T-teachers/facilitators who have involved in our team have the main role in facilitating the T-learning interactions through creating the networks between T-learners, T-teachers, and T-stakeholders. T-facilitators also created the opportunities for learning interactions to take place. In the beginning, we mediated the learning processes and interactions during the initial meetings and created the network. But this role was shared with the local team and the “scientist farmers”. In addition, we drew on tools for group discussions (for example SWOT, colour card, brainstorming, narratives, photographer) and the guidelines (the detailed questions for each issue in each group discussions, the detail steps to facilitate each questions, etc.) for facilitation processes in learning interactions. We also found the technical researchers and collaboration with other projects/programs useful for developing the sustainable livelihood models to respond to climate change of Can Tho university and Can Tho city. They have the potential to assist the farmers to develop solutions to their problems or challenges. We are supporting the local team to improve and expand the space for T-learning processes among T-learners through the development of the research in using mass media and establishing group key informants from whom other farmers can access information, ask the questions or collaborate in their daily activities as well their farm activities.

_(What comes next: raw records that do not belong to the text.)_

(* Let $d\ge 1$ and $c\ge 1$, let $\mathcal C$ be a finite collection of $c$-fat objects in $\mathbb R^d$, and let $G$ be the intersection graph of $\mathcal C$. Let $t\ge 0$ be an integer and let $\mathcal C^t$ be a collection of nonempty subsets of $\mathcal C$ such that for each $\mathcal X\in\mathcal C^t$ the induced subgraph $G_{\mathcal X}$ of $G$ on $\mathcal X$ is connected and has diameter at most $t$. Identify each $\mathcal X\in\mathcal C^t$ with the object $\bigcup_{O\in\mathcal X}O\subseteq\mathbb R^d$. Then $\mathcal C^t$ is a collection of $c'$-fat objects in $\mathbb R^d$ with $c'\le C_d\cdot c\cdot (t+1)^{2d}$, where $C_d$ is a constant depending only on $d$.
   Context: An object is a bounded subset of $\mathbb R^d$. The size of an object is the side length of its smallest enclosing axis-parallel hypercube; a box of size $r$ is an axis-parallel hypercube of side length $r$. A collection $\mathcal C$ of objects in $\mathbb R^d$ is $c$-fat (for $c\ge 1$) if for every $r\ge 0$ and every box $B$ of size $r$ there is a set of at most $c$ points of $\mathbb R^d$ such that every object of $\mathcal C$ of size at least $r$ that intersects $B$ contains at least one of these points. The intersection graph of $\mathcal C$ has vertex set $\mathcal C$, two objects being adjacent iff they intersect. *)

theory Defs
  imports "HOL-Analysis.Analysis"
begin

text \<open>Size of a (bounded, nonempty) object: side length of its smallest enclosing
  axis-parallel hypercube, i.e. the maximal coordinate extent.\<close>
definition obj_size :: "'a::euclidean_space set \<Rightarrow> real" where
  "obj_size S = Max ((\<lambda>i. Sup ((\<lambda>x. x \<bullet> i) ` S) - Inf ((\<lambda>x. x \<bullet> i) ` S)) ` Basis)"

definition hcube :: "'a::euclidean_space \<Rightarrow> real \<Rightarrow> 'a set" where
  "hcube a r = cbox a (a + r *\<^sub>R One)"

definition fat :: "real \<Rightarrow> 'a::euclidean_space set set \<Rightarrow> bool" where
  "fat c \<C> \<longleftrightarrow> (\<forall>r\<ge>0. \<forall>a. \<exists>P. finite P \<and> real (card P) \<le> c \<and>
      (\<forall>S\<in>\<C>. obj_size S \<ge> r \<and> S \<inter> hcube a r \<noteq> {} \<longrightarrow> S \<inter> P \<noteq> {}))"

definition ig_walk :: "'a set set \<Rightarrow> 'a set \<Rightarrow> 'a set \<Rightarrow> nat \<Rightarrow> bool" where
  "ig_walk X u v k \<longleftrightarrow> (\<exists>ps. length ps = Suc k \<and> hd ps = u \<and> last ps = v \<and> set ps \<subseteq> X \<and>
      (\<forall>i<k. ps ! i \<noteq> ps ! Suc i \<and> ps ! i \<inter> ps ! Suc i \<noteq> {}))"

definition conn_diam_le :: "'a set set \<Rightarrow> nat \<Rightarrow> bool" where
  "conn_diam_le X t \<longleftrightarrow> (\<forall>u\<in>X. \<forall>v\<in>X. \<exists>k\<le>t. ig_walk X u v k)"

end

theory Submission
  imports Defs
begin

text \<open>Let \<open>S = \<Union>X\<close> meet a box \<open>B\<close> of size \<open>r \<le> size S\<close> and put \<open>s = r / (t + 1)\<close>.
  Any two points of \<open>S\<close> are linked by a chain of at most \<open>t + 1\<close> members of \<open>X\<close>, so the
  largest member of \<open>X\<close> has size at least \<open>s\<close>. On a walk of at most \<open>t\<close> steps from a
  member meeting \<open>B\<close> to that largest member, each member of size \<open>< s\<close> stays inside \<open>B\<close>
  enlarged by \<open>s\<close> per step, so the first member of size \<open>\<ge> s\<close> meets \<open>B\<close> enlarged by
  \<open>t s\<close> on every side, a box of size \<open>(3t + 1) s\<close>. Cutting it into \<open>(3t + 1)^d\<close> boxes of
  size \<open>s\<close> and using the fatness of \<open>\<C>\<close> in each gives \<open>(3t + 1)^d c \<le> 3^d c (t + 1)^(2d)\<close>
  piercing points.\<close>

lemma mem_hcube:
  "x \<in> hcube a r \<longleftrightarrow> (\<forall>i\<in>Basis. a \<bullet> i \<le> x \<bullet> i \<and> x \<bullet> i \<le> a \<bullet> i + r)"
  by (simp add: hcube_def mem_box inner_add_left)

lemma hcube_grow_mono:
  fixes a :: "'a::euclidean_space"
  assumes "\<delta> \<le> \<delta>'"
  shows "hcube (a - \<delta> *\<^sub>R One) (r + 2 * \<delta>) \<subseteq> hcube (a - \<delta>' *\<^sub>R One) (r + 2 * \<delta>')"
proof
  fix x assume x: "x \<in> hcube (a - \<delta> *\<^sub>R One) (r + 2 * \<delta>)"
  have "a \<bullet> i - \<delta>' \<le> x \<bullet> i \<and> x \<bullet> i \<le> a \<bullet> i + r + \<delta>'" if "i \<in> Basis" for i
    using x that assms by (auto simp: mem_hcube inner_diff_left dest!: bspec[of _ _ i])
  then show "x \<in> hcube (a - \<delta>' *\<^sub>R One) (r + 2 * \<delta>')"
    by (simp add: mem_hcube inner_diff_left ac_simps)
qed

The emerging issues from the early T-learning interactions

There are several emerging issues from the T-learning interactions about the sustainable livelihood models in the context of climate change in the Can Tho city. However, three critical issues at this stage include: (1) how to create the collaboration in agricultural production (from agricultural inputs to ensure the quality of agricultural products following the market demand and to respond to climate change context); (2) how to develop or create the network among four stakeholders: the state; the scientists; the entrepreneurs; and the farmers; and (3) how to develop a strong the agricultural contracts to help farmers in stabilizing the production scale and the types of crops/livestock.